Again, most of the actions that Charisma governs are actually learned skills. The ones that aren’t (physical attractiveness, personal renown, sexual allure, etc.) are only measurable by polling large groups of others. You can’t measure it for yourself. I’m dropping it.
This leaves us with four measurable stats that we can use to track our progression. In D&D, the assumption that a score of “10” in any attribute means that the character has an average amount of skill in that area. We’ll use the same assumption for our cause.
There are many ways to track this. For now, under the assumption that a given weight lifting regimen is comprehensive and increases overall strength, I am going to track this stat by the maximum amount of weight I can lift a single time. The equation will have to be altered to accurately represent the deviation from 10 for the chosen lifting technique.
My chosen technique is Bench Press. The equation will assume that someone with a score of 10 can lift 100 pounds. For every 40 pounds over 100, my Strength attribute will increase by 1 point.
(Bench Max – 100) / 40 + 10
Probably the most efficient way to track this is by running, with either time or distance. However, I am currently too heavy to run without risking injury. Instead, I will be doing High Intensity Interval Training sessions on a commercial stationary bike used for spinning.
The workout is intense, and I can’t yet complete it. It lasts 20 minutes. I’m assuming that a score of 10 is for someone able to last 10 minutes. This exercise should yield a maximum measurable score of 13.
If Spinning Time < 10, then Endurance = Spinning Time.

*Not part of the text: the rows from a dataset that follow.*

(* Let $f:\mathbb{R}^n\to\mathbb{R}$ be twice continuously differentiable, $B\in\mathbb{R}^{p\times n}$, $\lambda_1,\lambda_2>0$, $l\in\mathbb{R}^n$ with $l\le 0$, $u\in\mathbb{R}^n$ with $u\ge 0$, $\Omega=\{x\in\mathbb{R}^n: l\le x\le u\}$, $g(x)=\lambda_1\|Bx\|_0+\lambda_2\|x\|_0+\delta_\Omega(x)$ and $F=f+g$. For $z\in\mathbb{R}^n$ let $$\Pi(z)=\{x\in\Omega:\ \mathrm{supp}(x)\subset\mathrm{supp}(z),\ \mathrm{supp}(Bx)\subset\mathrm{supp}(Bz)\}.$$ Fix any $z\in\Omega$. Then: (i) $\partial F(z)=\nabla f(z)+\partial g(z)=\nabla f(z)+\mathcal{N}_{\Pi(z)}(z)$; (ii) for any $x\in\mathbb{R}^n$, $0\in\nabla f(x)+\mathcal{N}_{\Pi(z)}(x)$ implies $0\in\partial F(x)$.
   Context: $\|y\|_0$ is the number of nonzero entries of $y$ and $\mathrm{supp}(y)=\{i: y_i\neq 0\}$. $\delta_\Omega$ is the indicator function of $\Omega$ ($0$ on $\Omega$, $+\infty$ outside). $\partial$ denotes the basic (limiting) subdifferential. $\Pi(z)$ is a convex polyhedral set and $\mathcal{N}_{\Pi(z)}(x)$ is its normal cone at $x$ (empty if $x\notin\Pi(z)$). *)

theory Defs
  imports "HOL-Analysis.Analysis"
begin

definition supp :: "real ^ 'n \<Rightarrow> 'n set" where
  "supp x = {i. x $ i \<noteq> 0}"

definition l0 :: "real ^ 'n \<Rightarrow> nat" where
  "l0 x = card (supp x)"

definition indicator_fun :: "'a set \<Rightarrow> 'a \<Rightarrow> ereal" where
  "indicator_fun S x = (if x \<in> S then 0 else \<infinity>)"

definition box_set :: "real ^ 'n \<Rightarrow> real ^ 'n \<Rightarrow> (real ^ 'n) set" where
  "box_set l u = {x. \<forall>i. l $ i \<le> x $ i \<and> x $ i \<le> u $ i}"

definition normal_cone :: "(real ^ 'n) set \<Rightarrow> real ^ 'n \<Rightarrow> (real ^ 'n) set" where
  "normal_cone C x = (if x \<in> C then {v. \<forall>y\<in>C. v \<bullet> (y - x) \<le> 0} else {})"

definition frechet_subdiff :: "(real ^ 'n \<Rightarrow> ereal) \<Rightarrow> real ^ 'n \<Rightarrow> (real ^ 'n) set" where
  "frechet_subdiff F x = {v. \<bar>F x\<bar> \<noteq> \<infinity> \<and>
     (\<forall>e>0. \<exists>d>0. \<forall>y. norm (y - x) < d \<longrightarrow>
        F y \<ge> F x + ereal (v \<bullet> (y - x)) - ereal (e * norm (y - x)))}"

definition limiting_subdiff :: "(real ^ 'n \<Rightarrow> ereal) \<Rightarrow> real ^ 'n \<Rightarrow> (real ^ 'n) set" where
  "limiting_subdiff F x = {v. \<bar>F x\<bar> \<noteq> \<infinity> \<and>
     (\<exists>xs vs. xs \<longlonglongrightarrow> x \<and> (\<lambda>k. F (xs k)) \<longlonglongrightarrow> F x \<and> vs \<longlonglongrightarrow> v \<and>
        (\<forall>k. vs k \<in> frechet_subdiff F (xs k)))}"

definition C2_with_grad :: "(real ^ 'n \<Rightarrow> real) \<Rightarrow> (real ^ 'n \<Rightarrow> real ^ 'n) \<Rightarrow> bool" where
  "C2_with_grad f gf \<longleftrightarrow> (\<forall>x. GDERIV f x :> gf x) \<and>
     (\<exists>H :: real ^ 'n \<Rightarrow> ((real ^ 'n) \<Rightarrow>\<^sub>L (real ^ 'n)).
        (\<forall>x. (gf has_derivative blinfun_apply (H x)) (at x)) \<and> continuous_on UNIV H)"

end

theory Submission
  imports Defs
begin

(* Near z supports can only grow.  Hence, on a neighbourhood of z, g is constant on the convex
   set \<Pi>(z) and exceeds g(z) by at least min \<lambda>1 \<lambda>2 off it, so its regular subdifferential at z
   is the normal cone of \<Pi>(z).  The same jump forces the points x_k of any sequence defining a
   limiting subgradient into \<Pi>(z), where \<Pi>(x_k) = \<Pi>(z); limiting subgradients are therefore
   limits of normals to one fixed convex set.  The smooth part f enters through the elementary
   sum rule, and (ii) follows because \<Pi>(x) \<subseteq> \<Pi>(z) for x \<in> \<Pi>(z). *)

lemma eventually_supp_superset:
  fixes h :: "'a \<Rightarrow> real^'n"
  assumes "(h \<longlongrightarrow> x) F"
  shows "eventually (\<lambda>k. supp x \<subseteq> supp (h k)) F"
proof -
  have "eventually (\<lambda>k. \<forall>i\<in>supp x. h k $ i \<noteq> 0) F"
    using tendsto_imp_eventually_ne[OF tendsto_vec_nth[OF assms]]
    by (intro eventually_ball_finite) (auto simp: supp_def)
  then show ?thesis
    by eventually_elim (auto simp: supp_def)
qed

lemma eventually_supps_superset:
  fixes xs :: "'a \<Rightarrow> real^'n" and B :: "real^'n^'p"
  assumes "(xs \<longlongrightarrow> x) F"
  shows "eventually (\<lambda>k. supp x \<subseteq> supp (xs k) \<and> supp (B *v x) \<subseteq> supp (B *v xs k)) F"
proof -
  have "((\<lambda>k. B *v xs k) \<longlongrightarrow> B *v x) F"
    using bounded_linear.tendsto[OF matrix_vector_mul_bounded_linear assms] .
  then show ?thesis
    by (intro eventually_conj eventually_supp_superset assms)
qed

lemma supp_lincomb_subset: "supp (s *\<^sub>R x + t *\<^sub>R y) \<subseteq> supp x \<union> supp y"
  by (auto simp: supp_def)

lemma l0_mono: "supp x \<subseteq> supp y \<Longrightarrow> l0 x \<le> l0 y"
  unfolding l0_def by (simp add: card_mono)

lemma l0_strict_mono: "supp x \<subset> supp y \<Longrightarrow> l0 x < l0 y"
  unfolding l0_def by (simp add: psubset_card_mono)

definition l0_penalty :: "real^'n^'p \<Rightarrow> real \<Rightarrow> real \<Rightarrow> real^'n \<Rightarrow> real" where
  "l0_penalty B a b x = a * real (l0 (B *v x)) + b * real (l0 x)"

definition constrained_l0_penalty ::
    "real^'n^'p \<Rightarrow> real \<Rightarrow> real \<Rightarrow> (real^'n) set \<Rightarrow> real^'n \<Rightarrow> ereal" where
  "constrained_l0_penalty B a b \<Omega> x = ereal (l0_penalty B a b x) + indicator_fun \<Omega> x"

definition supp_restr :: "real^'n^'p \<Rightarrow> (real^'n) set \<Rightarrow> real^'n \<Rightarrow> (real^'n) set" where
  "supp_restr B \<Omega> w = {x \<in> \<Omega>. supp x \<subseteq> supp w \<and> supp (B *v x) \<subseteq> supp (B *v w)}"

lemma constrained_l0_penalty_eq:
  "constrained_l0_penalty B a b \<Omega> x = (if x \<in> \<Omega> then ereal (l0_penalty B a b x) else \<infinity>)"
  by (simp add: constrained_l0_penalty_def indicator_fun_def)

lemma l0_penalty_mono:
  assumes "a \<ge> 0" "b \<ge> 0" "supp x \<subseteq> supp y" "supp (B *v x) \<subseteq> supp (B *v y)"
  shows "l0_penalty B a b x \<le> l0_penalty B a b y"
  unfolding l0_penalty_def using assms
  by (intro add_mono mult_left_mono) (auto intro: l0_mono)

lemma l0_penalty_jump:
  assumes "a > 0" "b > 0" "supp x \<subseteq> supp y" "supp (B *v x) \<subseteq> supp (B *v y)"
    and "\<not> (supp y \<subseteq> supp x \<and> supp (B *v y) \<subseteq> supp (B *v x))"
  shows "l0_penalty B a b x + min a b \<le> l0_penalty B a b y"
proof -
  have le: "l0 x \<le> l0 y" "l0 (B *v x) \<le> l0 (B *v y)"
    using assms(3,4) by (auto intro: l0_mono)
  have "l0 x < l0 y \<or> l0 (B *v x) < l0 (B *v y)"
    using assms(3-5) by (auto intro: l0_strict_mono)
  then consider "real (l0 x) + 1 \<le> real (l0 y)" | "real (l0 (B *v x)) + 1 \<le> real (l0 (B *v y))"
    by linarith
  then show ?thesis
  proof cases
    case 1
    have "a * real (l0 (B *v x)) \<le> a * real (l0 (B *v y))" "b * (real (l0 x) + 1) \<le> b * real (l0 y)"
      using le 1 assms(1,2) by (intro mult_left_mono; simp)+
    then show ?thesis unfolding l0_penalty_def by (simp add: distrib_left min_le_iff_disj)
  next
    case 2
    have "b * real (l0 x) \<le> b * real (l0 y)" "a * (real (l0 (B *v x)) + 1) \<le> a * real (l0 (B *v y))"
      using le 2 assms(1,2) by (intro mult_left_mono; simp)+
    then show ?thesis unfolding l0_penalty_def by (simp add: distrib_left min_le_iff_disj)
  qed
qed

lemma self_mem_supp_restr: "x \<in> \<Omega> \<Longrightarrow> x \<in> supp_restr B \<Omega> x"
  by (simp add: supp_restr_def)

lemma supp_restr_mono: "y \<in> supp_restr B \<Omega> x \<Longrightarrow> supp_restr B \<Omega> y \<subseteq> supp_restr B \<Omega> x"
  by (auto simp: supp_restr_def)

lemma convex_supp_restr:
  assumes "convex \<Omega>"
  shows "convex (supp_restr B \<Omega> w)"
proof (rule convexI)
  fix x y and s t :: real
  assume x: "x \<in> supp_restr B \<Omega> w" and y: "y \<in> supp_restr B \<Omega> w"
    and st: "0 \<le> s" "0 \<le> t" "s + t = 1"
  have "B *v (s *\<^sub>R x + t *\<^sub>R y) = s *\<^sub>R (B *v x) + t *\<^sub>R (B *v y)"
    by (simp add: matrix_vector_right_distrib matrix_vector_mult_scaleR)
  moreover have "s *\<^sub>R x + t *\<^sub>R y \<in> \<Omega>"
    using x y st assms by (simp add: supp_restr_def convexD)
  ultimately show "s *\<^sub>R x + t *\<^sub>R y \<in> supp_restr B \<Omega> w"
    using x y supp_lincomb_subset[of s x t y] supp_lincomb_subset[of s "B *v x" t "B *v y"]
    unfolding supp_restr_def by auto
qed

lemma box_set_eq_cbox: "box_set l u = cbox l u"
  by (auto simp: box_set_def mem_box_cart)

lemma normal_cone_antimono: "x \<in> C \<Longrightarrow> C \<subseteq> D \<Longrightarrow> normal_cone D x \<subseteq> normal_cone C x"
  unfolding normal_cone_def by auto

lemma normal_cone_limit:
  assumes "x \<in> C" "xs \<longlonglongrightarrow> x" "vs \<longlonglongrightarrow> v"
    and "eventually (\<lambda>k. vs k \<in> normal_cone C (xs k)) sequentially"
  shows "v \<in> normal_cone C x"
proof -
  have "v \<bullet> (y - x) \<le> 0" if "y \<in> C" for y
  proof (rule tendsto_upperbound)
    show "(\<lambda>k. vs k \<bullet> (y - xs k)) \<longlonglongrightarrow> v \<bullet> (y - x)"
      by (intro tendsto_intros assms)
    show "eventually (\<lambda>k. vs k \<bullet> (y - xs k) \<le> 0) sequentially"
      using assms(4) by eventually_elim (use \<open>y \<in> C\<close> in \<open>auto simp: normal_cone_def split: if_splits\<close>)
  qed simp
  then show ?thesis
    using assms(1) by (simp add: normal_cone_def)
qed

lemma frechet_subdiff_iff_eventually:
  "v \<in> frechet_subdiff F x \<longleftrightarrow> \<bar>F x\<bar> \<noteq> \<infinity> \<and>
     (\<forall>e>0. eventually (\<lambda>y. F x + ereal (v \<bullet> (y - x)) - ereal (e * norm (y - x)) \<le> F y) (nhds x))"
  unfolding frechet_subdiff_def eventually_nhds_metric dist_norm by simp

lemma frechet_subdiff_subset_limiting_subdiff: "frechet_subdiff F x \<subseteq> limiting_subdiff F x"
proof
  fix v assume "v \<in> frechet_subdiff F x"
  then show "v \<in> limiting_subdiff F x"
    unfolding limiting_subdiff_def frechet_subdiff_def
    by (intro CollectI conjI exI[of _ "\<lambda>k. x"] exI[of _ "\<lambda>k. v"]) auto
qed

lemma frechet_subdiff_subset_normal_cone:
  assumes "convex C" "x \<in> C" "\<forall>y\<in>C. F y \<le> F x"
  shows "frechet_subdiff F x \<subseteq> normal_cone C x"
proof
  fix v assume v: "v \<in> frechet_subdiff F x"
  then obtain r where r: "F x = ereal r"
    unfolding frechet_subdiff_def by (cases "F x") auto
  have "v \<bullet> (y - x) \<le> 0" if y: "y \<in> C" for y
  proof (rule ccontr)
    assume "\<not> v \<bullet> (y - x) \<le> 0"
    then have s: "v \<bullet> (y - x) > 0" by simp
    then have n: "norm (y - x) > 0" by auto
    define e where "e = v \<bullet> (y - x) / (2 * norm (y - x))"
    have "e > 0" using s n by (simp add: e_def)
    then obtain d where d: "d > 0" and near: "\<And>w. norm (w - x) < d \<Longrightarrow>
        F x + ereal (v \<bullet> (w - x)) - ereal (e * norm (w - x)) \<le> F w"
      using v unfolding frechet_subdiff_def by blast
    define t where "t = min 1 (d / (2 * norm (y - x)))"
    have t: "0 < t" "t \<le> 1" "t * norm (y - x) < d"
      using d n by (auto simp: t_def min_mult_distrib_right)
    define w where "w = x + t *\<^sub>R (y - x)"
    have "w = (1 - t) *\<^sub>R x + t *\<^sub>R y" by (simp add: w_def algebra_simps)
    then have "w \<in> C" using assms(1,2) y t by (simp add: convex_alt)
    have "norm (w - x) = t * norm (y - x)" using t by (simp add: w_def)
    moreover have "v \<bullet> (w - x) = t * (v \<bullet> (y - x))" by (simp add: w_def)
    ultimately have "ereal (r + t * (v \<bullet> (y - x)) / 2) \<le> F w"
      using near[of w] t n by (simp add: r e_def field_simps)
    also have "F w \<le> ereal r" using assms(3) \<open>w \<in> C\<close> r by simp
    finally show False using mult_pos_pos[OF t(1) s] by simp
  qed
  then show "v \<in> normal_cone C x" using assms(2) by (simp add: normal_cone_def)
qed

lemma normal_cone_subset_frechet_subdiff:
  assumes r: "F x = ereal r" and "c > 0"
    and near: "eventually (\<lambda>y. F x \<le> F y \<and> (y \<notin> C \<longrightarrow> F x + ereal c \<le> F y)) (nhds x)"
  shows "normal_cone C x \<subseteq> frechet_subdiff F x"
proof
  fix v assume v: "v \<in> normal_cone C x"
  have "eventually (\<lambda>y. F x + ereal (v \<bullet> (y - x)) - ereal (e * norm (y - x)) \<le> F y) (nhds x)"
    if "e > 0" for e
  proof -
    \<comment> \<open>on this ball the jump c off C dominates the linear term\<close>
    have "eventually (\<lambda>y. dist y x < c / (norm v + 1)) (nhds x)"
      using \<open>c > 0\<close> unfolding eventually_nhds_metric
      by (intro exI[of _ "c / (norm v + 1)"]) (auto intro!: divide_pos_pos add_nonneg_pos)
    with near show ?thesis
    proof eventually_elim
      case (elim y)
      have "v \<bullet> (y - x) \<le> norm v * norm (y - x)" by (rule norm_cauchy_schwarz)
      also have "\<dots> \<le> (norm v + 1) * norm (y - x)" by (simp add: mult_right_mono)
      also have "\<dots> \<le> c"
        using elim(2) by (simp add: dist_norm pos_less_divide_eq[OF add_nonneg_pos] mult.commute)
      finally have "v \<bullet> (y - x) \<le> c" .
      moreover have "y \<in> C \<Longrightarrow> v \<bullet> (y - x) \<le> 0" using v by (simp add: normal_cone_def split: if_splits)
      moreover have "0 \<le> e * norm (y - x)" using \<open>e > 0\<close> by simp
      ultimately have "ereal (r + v \<bullet> (y - x) - e * norm (y - x)) \<le> F x + ereal (if y \<in> C then 0 else c)"
        by (auto simp: r)
      also have "\<dots> \<le> F y" using elim(1) r by auto
      finally have "ereal (r + v \<bullet> (y - x) - e * norm (y - x)) \<le> F y" .
      then show ?case by (simp add: r)
    qed
  qed
  then show "v \<in> frechet_subdiff F x"
    using r by (simp add: frechet_subdiff_iff_eventually)
qed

If Spinning Time > 10, then Endurance = ( ( Spinning Time – 10 ) / 3 ) + 10
I took an IQ test when I was a child, and I scored favorably. As I understand it, however, age is a component of your score. I will have to take it again to have a better understanding of where I stand. If the average IQ is 100, then simply dividing my IQ by 10 should yield a reasonable Intelligence score to work with.
IQ Score / 10
Here’s the doozy. I’m compiling a list of all of my skills. I won’t include a skill if I don’t consider myself proficient. This is subjective, sure, but there’s no reason to lie. All skills in which I am proficient are worth only one point. All skills in which I am an expert are worth 1.5. The final Skill score will be the sum of the number of proficient skills and expert skills divided by 4.
(Number of Proficient Skills + (Number of Expert Skills * 1.5)) / 4
None of these measurements are perfect or unchanging. In the case of decimals or fractions, always round down. I would actually love to hear your input, especially on alternate ways to calculate Strength and Endurance. If you can make a good enough case for the way an exercise could be expressed through the attribute system, I will add it to my rulebook for others to use.
In any case, welcome to the blog. I look forward to hearing from all of you.